Exercise objective —
Where a line in the listing below contains the word "cases", copy that line.

Study material —
——

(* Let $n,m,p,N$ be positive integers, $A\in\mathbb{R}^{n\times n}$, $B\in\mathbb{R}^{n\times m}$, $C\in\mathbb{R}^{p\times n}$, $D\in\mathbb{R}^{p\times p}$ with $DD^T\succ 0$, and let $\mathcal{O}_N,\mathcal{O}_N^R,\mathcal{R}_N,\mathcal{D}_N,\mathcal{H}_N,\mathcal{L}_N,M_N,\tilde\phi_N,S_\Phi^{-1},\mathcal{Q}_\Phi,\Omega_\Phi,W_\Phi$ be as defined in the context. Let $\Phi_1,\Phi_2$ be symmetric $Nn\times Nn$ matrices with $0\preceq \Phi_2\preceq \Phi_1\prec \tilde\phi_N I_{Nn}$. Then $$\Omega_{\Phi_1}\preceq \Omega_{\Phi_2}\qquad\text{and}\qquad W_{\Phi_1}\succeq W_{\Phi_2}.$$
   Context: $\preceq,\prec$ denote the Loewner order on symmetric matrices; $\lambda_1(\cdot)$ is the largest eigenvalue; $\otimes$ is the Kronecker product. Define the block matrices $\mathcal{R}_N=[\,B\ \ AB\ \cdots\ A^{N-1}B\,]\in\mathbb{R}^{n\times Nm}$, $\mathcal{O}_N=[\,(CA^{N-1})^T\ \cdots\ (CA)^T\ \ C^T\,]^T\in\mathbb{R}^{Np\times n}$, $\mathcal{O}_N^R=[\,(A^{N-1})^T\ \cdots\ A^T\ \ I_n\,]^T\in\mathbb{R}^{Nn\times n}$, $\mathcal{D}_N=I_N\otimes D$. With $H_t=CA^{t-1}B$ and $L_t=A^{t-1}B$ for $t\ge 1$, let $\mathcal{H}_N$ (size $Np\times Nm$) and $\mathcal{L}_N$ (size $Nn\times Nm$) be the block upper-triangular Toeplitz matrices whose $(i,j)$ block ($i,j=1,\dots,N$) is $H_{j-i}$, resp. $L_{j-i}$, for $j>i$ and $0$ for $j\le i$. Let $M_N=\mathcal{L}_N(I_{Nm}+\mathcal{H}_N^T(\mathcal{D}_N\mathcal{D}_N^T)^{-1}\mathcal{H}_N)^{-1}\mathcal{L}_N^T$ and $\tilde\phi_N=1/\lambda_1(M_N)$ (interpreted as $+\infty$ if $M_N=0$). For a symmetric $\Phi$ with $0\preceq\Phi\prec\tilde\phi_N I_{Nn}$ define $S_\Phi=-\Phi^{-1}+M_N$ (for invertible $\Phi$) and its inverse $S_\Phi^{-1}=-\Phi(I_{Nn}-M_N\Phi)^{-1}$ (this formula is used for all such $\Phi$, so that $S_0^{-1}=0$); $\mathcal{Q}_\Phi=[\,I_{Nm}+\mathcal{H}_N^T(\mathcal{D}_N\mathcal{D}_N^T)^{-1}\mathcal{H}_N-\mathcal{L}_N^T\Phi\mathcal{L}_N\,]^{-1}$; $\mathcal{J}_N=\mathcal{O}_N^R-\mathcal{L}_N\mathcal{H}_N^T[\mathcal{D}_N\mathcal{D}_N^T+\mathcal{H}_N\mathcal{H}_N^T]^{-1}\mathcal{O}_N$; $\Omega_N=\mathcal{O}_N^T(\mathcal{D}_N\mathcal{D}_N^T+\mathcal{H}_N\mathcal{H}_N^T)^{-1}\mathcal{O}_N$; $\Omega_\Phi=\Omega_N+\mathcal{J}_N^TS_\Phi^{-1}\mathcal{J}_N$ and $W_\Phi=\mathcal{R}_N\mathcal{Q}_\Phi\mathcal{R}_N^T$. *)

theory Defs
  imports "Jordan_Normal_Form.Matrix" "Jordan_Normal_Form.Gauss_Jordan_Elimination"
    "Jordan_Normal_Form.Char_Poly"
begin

——

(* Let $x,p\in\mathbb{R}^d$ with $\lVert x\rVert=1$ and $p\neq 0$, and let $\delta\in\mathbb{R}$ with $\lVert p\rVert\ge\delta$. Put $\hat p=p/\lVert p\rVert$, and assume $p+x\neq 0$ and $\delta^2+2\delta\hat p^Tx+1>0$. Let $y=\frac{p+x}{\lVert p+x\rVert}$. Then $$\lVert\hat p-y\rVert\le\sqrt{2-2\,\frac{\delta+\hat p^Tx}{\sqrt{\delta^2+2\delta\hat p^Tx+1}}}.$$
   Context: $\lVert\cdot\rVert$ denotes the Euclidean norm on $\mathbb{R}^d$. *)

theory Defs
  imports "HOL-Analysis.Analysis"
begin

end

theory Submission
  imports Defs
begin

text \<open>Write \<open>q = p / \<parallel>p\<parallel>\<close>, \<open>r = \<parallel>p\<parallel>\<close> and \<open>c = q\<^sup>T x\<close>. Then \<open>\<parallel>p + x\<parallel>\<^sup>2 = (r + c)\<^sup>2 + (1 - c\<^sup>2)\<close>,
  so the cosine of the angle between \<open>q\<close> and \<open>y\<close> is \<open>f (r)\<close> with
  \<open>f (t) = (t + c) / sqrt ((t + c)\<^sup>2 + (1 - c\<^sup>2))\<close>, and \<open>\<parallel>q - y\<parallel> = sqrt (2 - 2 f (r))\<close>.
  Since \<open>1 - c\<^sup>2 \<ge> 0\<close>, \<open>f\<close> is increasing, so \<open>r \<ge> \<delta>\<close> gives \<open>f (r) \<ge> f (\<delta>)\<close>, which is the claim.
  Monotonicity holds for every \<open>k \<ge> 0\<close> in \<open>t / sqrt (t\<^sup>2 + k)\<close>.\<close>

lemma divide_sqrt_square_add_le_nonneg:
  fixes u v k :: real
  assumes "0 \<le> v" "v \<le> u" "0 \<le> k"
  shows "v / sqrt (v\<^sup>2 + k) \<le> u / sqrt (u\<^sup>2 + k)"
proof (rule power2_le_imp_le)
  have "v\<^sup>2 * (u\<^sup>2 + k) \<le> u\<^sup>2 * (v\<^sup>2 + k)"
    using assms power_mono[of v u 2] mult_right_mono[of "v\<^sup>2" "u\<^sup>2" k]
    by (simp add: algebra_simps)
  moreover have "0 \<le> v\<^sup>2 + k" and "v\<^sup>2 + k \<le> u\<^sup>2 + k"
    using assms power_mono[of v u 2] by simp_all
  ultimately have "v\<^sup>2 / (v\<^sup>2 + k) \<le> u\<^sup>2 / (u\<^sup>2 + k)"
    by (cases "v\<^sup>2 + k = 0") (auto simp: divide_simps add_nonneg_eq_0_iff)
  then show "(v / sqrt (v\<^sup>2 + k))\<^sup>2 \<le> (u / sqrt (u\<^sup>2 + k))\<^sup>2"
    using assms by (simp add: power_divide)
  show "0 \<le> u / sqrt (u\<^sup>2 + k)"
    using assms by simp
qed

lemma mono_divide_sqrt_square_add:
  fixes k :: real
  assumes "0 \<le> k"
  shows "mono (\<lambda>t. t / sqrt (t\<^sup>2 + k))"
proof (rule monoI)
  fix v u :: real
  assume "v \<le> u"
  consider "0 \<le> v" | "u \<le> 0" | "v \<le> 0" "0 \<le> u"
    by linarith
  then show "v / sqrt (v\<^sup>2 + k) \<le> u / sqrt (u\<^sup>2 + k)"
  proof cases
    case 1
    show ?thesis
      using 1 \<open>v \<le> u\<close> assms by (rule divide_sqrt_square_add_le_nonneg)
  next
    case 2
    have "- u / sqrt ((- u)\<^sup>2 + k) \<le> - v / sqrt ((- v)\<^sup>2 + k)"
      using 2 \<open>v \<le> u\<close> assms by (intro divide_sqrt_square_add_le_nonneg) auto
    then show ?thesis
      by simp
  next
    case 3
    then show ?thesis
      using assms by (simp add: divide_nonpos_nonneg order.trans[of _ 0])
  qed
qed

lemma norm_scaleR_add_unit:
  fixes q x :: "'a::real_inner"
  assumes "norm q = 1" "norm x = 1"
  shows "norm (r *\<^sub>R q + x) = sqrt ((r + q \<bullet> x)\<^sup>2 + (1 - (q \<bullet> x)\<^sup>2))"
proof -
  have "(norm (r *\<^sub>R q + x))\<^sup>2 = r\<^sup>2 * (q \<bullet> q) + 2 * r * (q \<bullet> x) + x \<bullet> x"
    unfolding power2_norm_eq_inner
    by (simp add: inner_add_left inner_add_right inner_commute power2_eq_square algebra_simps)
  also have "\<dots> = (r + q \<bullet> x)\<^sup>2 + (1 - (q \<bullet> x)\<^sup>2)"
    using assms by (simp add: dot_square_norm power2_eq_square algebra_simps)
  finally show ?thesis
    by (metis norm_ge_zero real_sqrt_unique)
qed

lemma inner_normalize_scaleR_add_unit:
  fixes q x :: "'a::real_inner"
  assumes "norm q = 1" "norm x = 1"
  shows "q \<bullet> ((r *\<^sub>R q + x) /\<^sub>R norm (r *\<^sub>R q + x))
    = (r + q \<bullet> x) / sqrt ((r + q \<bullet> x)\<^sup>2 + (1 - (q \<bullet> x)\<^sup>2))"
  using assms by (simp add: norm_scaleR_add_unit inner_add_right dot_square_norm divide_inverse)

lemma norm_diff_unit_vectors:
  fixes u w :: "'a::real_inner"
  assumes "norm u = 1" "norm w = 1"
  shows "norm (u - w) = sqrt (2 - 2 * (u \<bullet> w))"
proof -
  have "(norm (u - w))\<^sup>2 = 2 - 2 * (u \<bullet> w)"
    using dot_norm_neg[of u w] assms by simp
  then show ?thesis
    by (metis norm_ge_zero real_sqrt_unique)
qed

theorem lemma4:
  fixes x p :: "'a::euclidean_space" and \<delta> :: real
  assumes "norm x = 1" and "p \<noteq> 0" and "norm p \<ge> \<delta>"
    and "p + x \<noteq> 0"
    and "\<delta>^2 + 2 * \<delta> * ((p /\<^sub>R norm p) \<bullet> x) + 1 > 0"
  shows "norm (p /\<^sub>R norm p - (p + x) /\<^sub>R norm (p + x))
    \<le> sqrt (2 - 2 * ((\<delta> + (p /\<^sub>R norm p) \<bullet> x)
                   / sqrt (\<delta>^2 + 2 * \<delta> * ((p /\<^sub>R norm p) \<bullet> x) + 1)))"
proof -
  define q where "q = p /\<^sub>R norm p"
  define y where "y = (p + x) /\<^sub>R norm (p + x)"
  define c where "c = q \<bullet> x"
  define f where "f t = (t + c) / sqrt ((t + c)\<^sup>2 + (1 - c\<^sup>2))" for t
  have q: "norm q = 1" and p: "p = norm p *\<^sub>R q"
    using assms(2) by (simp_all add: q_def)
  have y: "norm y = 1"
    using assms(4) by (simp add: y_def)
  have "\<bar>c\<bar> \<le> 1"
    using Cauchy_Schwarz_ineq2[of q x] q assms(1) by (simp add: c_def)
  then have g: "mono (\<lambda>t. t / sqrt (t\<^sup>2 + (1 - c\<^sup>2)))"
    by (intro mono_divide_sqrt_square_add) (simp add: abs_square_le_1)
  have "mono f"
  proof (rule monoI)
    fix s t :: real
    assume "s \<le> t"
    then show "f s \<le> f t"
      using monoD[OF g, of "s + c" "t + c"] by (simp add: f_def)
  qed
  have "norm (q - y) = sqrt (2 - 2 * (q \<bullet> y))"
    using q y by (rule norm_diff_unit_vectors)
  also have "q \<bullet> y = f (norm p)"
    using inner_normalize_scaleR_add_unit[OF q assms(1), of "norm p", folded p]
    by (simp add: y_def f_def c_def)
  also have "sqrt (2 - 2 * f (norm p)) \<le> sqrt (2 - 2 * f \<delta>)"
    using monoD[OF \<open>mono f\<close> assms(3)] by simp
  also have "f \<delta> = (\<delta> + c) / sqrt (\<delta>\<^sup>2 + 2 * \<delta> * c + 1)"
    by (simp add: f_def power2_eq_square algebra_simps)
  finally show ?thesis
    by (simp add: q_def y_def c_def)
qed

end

——

Response below —
    by (cases "v\<^sup>2 + k = 0") (auto simp: divide_simps add_nonneg_eq_0_iff)
  proof cases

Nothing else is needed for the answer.